La testimonianza di un Cliente felice!
“Riflettendo un po’ sul “miracolo” che le consulenti di JoiHR hanno generato nella nostra azienda, e giocando un po’ con accostamenti tra fisica e natura umana, mi sono posto tre domande, alle quali proviamo a dare risposta.
Prima domanda: possiamo pensare ad una azienda come ad una entità sottoposta (un po’ in senso lato) alle leggi dell’ elettromagnetismo?
Seconda domanda: possiamo accostare attributi elettromagnetici a comportamento umano?
Terza domanda: possiamo far inorridire sia esperti di fisica delle particelle che di psicologia del comportamento coi nostri ragionamenti?
Risposta immediata alla terza domanda: certamente! I Fisici troveranno immediatamente da ridire con ferree argomentazioni sulla totale ingenuità con cui esporremo piccoli concetti. Gli Psicologi trasecoleranno vedendo che chiameremo in modo improprio e prenderemo in prestito idee dalla famosa quanto evanescente Legge di Attrazione!

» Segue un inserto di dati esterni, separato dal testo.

lemma mvmul_vtensor: "mvmul (d * m) K (vtensor m u a) = mvmul d (mmul (d * m) K (tensor_ket m a)) u"
proof (intro ext)
  fix r
  have "mvmul d (mmul (d * m) K (tensor_ket m a)) u r = (\<Sum>x<d * m. \<Sum>i<d. K r x * tensor_ket m a x i * u i)"
    by (simp add: mvmul_def mmul_def sum_distrib_right sum.swap[of _ "{..<d}"])
  also have "\<dots> = (\<Sum>x<d * m. K r x * (u (x div m) * a (x mod m)))"
    by (intro sum.cong refl)
      (simp add: tensor_ket_def less_mult_imp_div_less if_distrib[of "\<lambda>t. _ * t"] mult_ac cong: if_cong)
  finally show "mvmul (d * m) K (vtensor m u a) r = mvmul d (mmul (d * m) K (tensor_ket m a)) u r"
    by (simp add: mvmul_def vtensor_def)
qed

lemma sqnorm_mvmul_vtensor_scaled:
  "sqnorm m' (mvmul (d * m) K (vtensor m u (\<lambda>i. complex_of_real s * a i))) =
     s\<^sup>2 * sqnorm m' (mvmul d (mmul (d * m) K (tensor_ket m a)) u)"
proof -
  have "vtensor m u (\<lambda>i. complex_of_real s * a i) = (\<lambda>x. complex_of_real s * vtensor m u a x)"
    by (simp add: vtensor_def mult_ac)
  then show ?thesis
    by (simp add: mvmul_scale sqnorm_scale mvmul_vtensor)
qed

lemma kraus_complete_cinner:
  assumes "kraus_complete a a1 Ks"
  shows "(\<Sum>K\<leftarrow>Ks. cinner a1 (mvmul a K w) (mvmul a K w')) = cinner a w w'"
proof -
  have "(\<Sum>K\<leftarrow>Ks. cinner a1 (mvmul a K w) (mvmul a K w')) =
      (\<Sum>x<a. \<Sum>y<a. (\<Sum>K\<leftarrow>Ks. \<Sum>l<a1. cnj (K l x) * K l y) * (cnj (w x) * w' y))"
    unfolding cinner_mvmul sum_list_sum_nth atLeast0LessThan
    by (subst sum.swap) (simp add: sum.swap[of _ "{..<length Ks}"] sum_distrib_right)
  also have "\<dots> = (\<Sum>x<a. \<Sum>y<a. if x = y then cnj (w x) * w' y else 0)"
    using assms unfolding kraus_complete_def by (intro sum.cong refl) simp
  also have "\<dots> = cinner a w w'"
    by (simp add: cinner_def)
  finally show ?thesis .
qed

lemma kraus_complete_sqnorm:
  assumes "kraus_complete a a1 Ks"
  shows "(\<Sum>K\<leftarrow>Ks. sqnorm a1 (mvmul a K w)) = sqnorm a w"
proof -
  have "complex_of_real (\<Sum>K\<leftarrow>Ks. sqnorm a1 (mvmul a K w)) = complex_of_real (sqnorm a w)"
    using kraus_complete_cinner[OF assms]
    by (simp add: sum_list_of_real[symmetric] o_def of_real_sqnorm)
  then show ?thesis
    by (simp only: of_real_eq_iff)
qed

lemma kraus_complete_mmul:
  assumes K: "kraus_complete a a1 Ks" and V: "kraus_complete a0 a [V]"
  shows "kraus_complete a0 a1 (map (\<lambda>K. mmul a K V) Ks)"
  unfolding kraus_complete_def
proof (intro allI impI)
  fix i j assume "i < a0" "j < a0"
  then have "cinner a (\<lambda>x. V x i) (\<lambda>x. V x j) = (if i = j then 1 else 0)"
    using V unfolding kraus_complete_def cinner_def by simp
  then show "(\<Sum>K\<leftarrow>map (\<lambda>K. mmul a K V) Ks. \<Sum>l<a1. cnj (K l i) * K l j) = (if i = j then 1 else 0)"
    using kraus_complete_cinner[OF K]
    by (simp add: o_def mmul_eq_mvmul_column cinner_def[of a1])
qed

lemma kraus_complete_tensor_ket:
  assumes "sqnorm m a = 1" and "0 < m"
  shows "kraus_complete d (d * m) [tensor_ket m a]"
  unfolding kraus_complete_def
proof (intro allI impI)
  fix i j assume "i < d" "j < d"
  have "(\<Sum>j'<m. cnj (a j') * a j') = 1"
    using assms(1) of_real_sqnorm[of m a] by (simp add: cinner_def)
  then have "(\<Sum>j'<m. cnj (tensor_ket m a (i' * m + j') i) * tensor_ket m a (i' * m + j') j) =
      (if i' = i then if i = j then 1 else 0 else 0)" for i'
    using assms(2) by (cases "i' = i"; cases "i' = j") (simp_all add: tensor_ket_def)
  then show "(\<Sum>K\<leftarrow>[tensor_ket m a]. \<Sum>l<d * m. cnj (K l i) * K l j) = (if i = j then 1 else 0)"
    using \<open>i < d\<close> by (simp add: sum_lessThan_mult)
qed

definition bra :: "nat \<Rightarrow> cmat" where
  "bra i = (\<lambda>r c. if r = 0 \<and> c = i then 1 else 0)"

lemma kraus_complete_bras: "kraus_complete a 1 (map bra [0..<a])"
  unfolding kraus_complete_def
proof (intro allI impI)
  fix i j assume "i < a" "j < a"
  moreover have "cnj (if i = k then 1 else 0) * (if j = k then 1 else (0::complex)) = (if k = i \<and> i = j then 1 else 0)" for k
    by auto
  ultimately show "(\<Sum>K\<leftarrow>map bra [0..<a]. \<Sum>l<1. cnj (K l i) * K l j) = (if i = j then 1 else 0)"
    by (simp add: sum_list_sum_nth atLeast0LessThan bra_def)
qed

lemma mmul_bra_idm: "i < n \<Longrightarrow> mmul n (bra i) idm = bra i"
  by (intro ext) (auto simp: mmul_def bra_def idm_def if_distrib[of "\<lambda>t. t * _"] cong: if_cong)

lemma mmul_idm_bra: "mmul (Suc 0) idm (bra k) = bra k"
  by (intro ext) (simp add: mmul_def bra_def idm_def)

Bene, forti di questa certezza, andiamo a divertirci!
Se abbiamo una azienda apparentemente “felice”, dove tutto sembra funzionare al meglio, conviene comunque dare un’occhiata e, paragonandola all ‘Elettromagnetismo, capire se questa azienda è di carica “neutra” , “positiva “ o “negativa”.
Una azienda Neutra consente di vedere che in ogni reparto (commerciale, tecnico, amministrativo ecc.) una sufficiente produttività per permettere al proprio reparto di avere degli standard sufficienti per far andare bene l’ azienda stessa. Va tutto bene quindi? La direzione punta ovviamente ad un consolidamento ed un successivo aumento del fatturato e chiede ad ogni reparto di impegnarsi e trovare risorse mentali per migliorare la produttività totale.
In una situazione simile, di fronte a progressi minimi, è molto probabile che una analisi sui motivi riveli una situazione eletromagneticamente “negativa”. Ogni reparto può funzionare, secondo il proprio punto di vista, in modo egregio, ma, da fuori, è probabile che si scopra che esiste una certa diffidenza, una “idiosincrasia epistemiologica”, cioè in parole povere una critica sul modo ed i metodi di lavoro degli altri reparti che frenano il proprio progredire.
Questa situazione la si è vista in molte aziende. Per non parlare delle imprese Negative, dove tutto è criticabile e criticato, la direzione si scontra con continue lamentele tra i reparti e tra i componenti di ogni reparto.
Ora, in una visione “elettromagnetica” possiamo capire che:
Un reparto Negativo, respingerà un altro reparto Negativo, esattamente come due poli di un sistema magnetico. Non ci sarà possibilità di stare “legati” elettromagneticamente.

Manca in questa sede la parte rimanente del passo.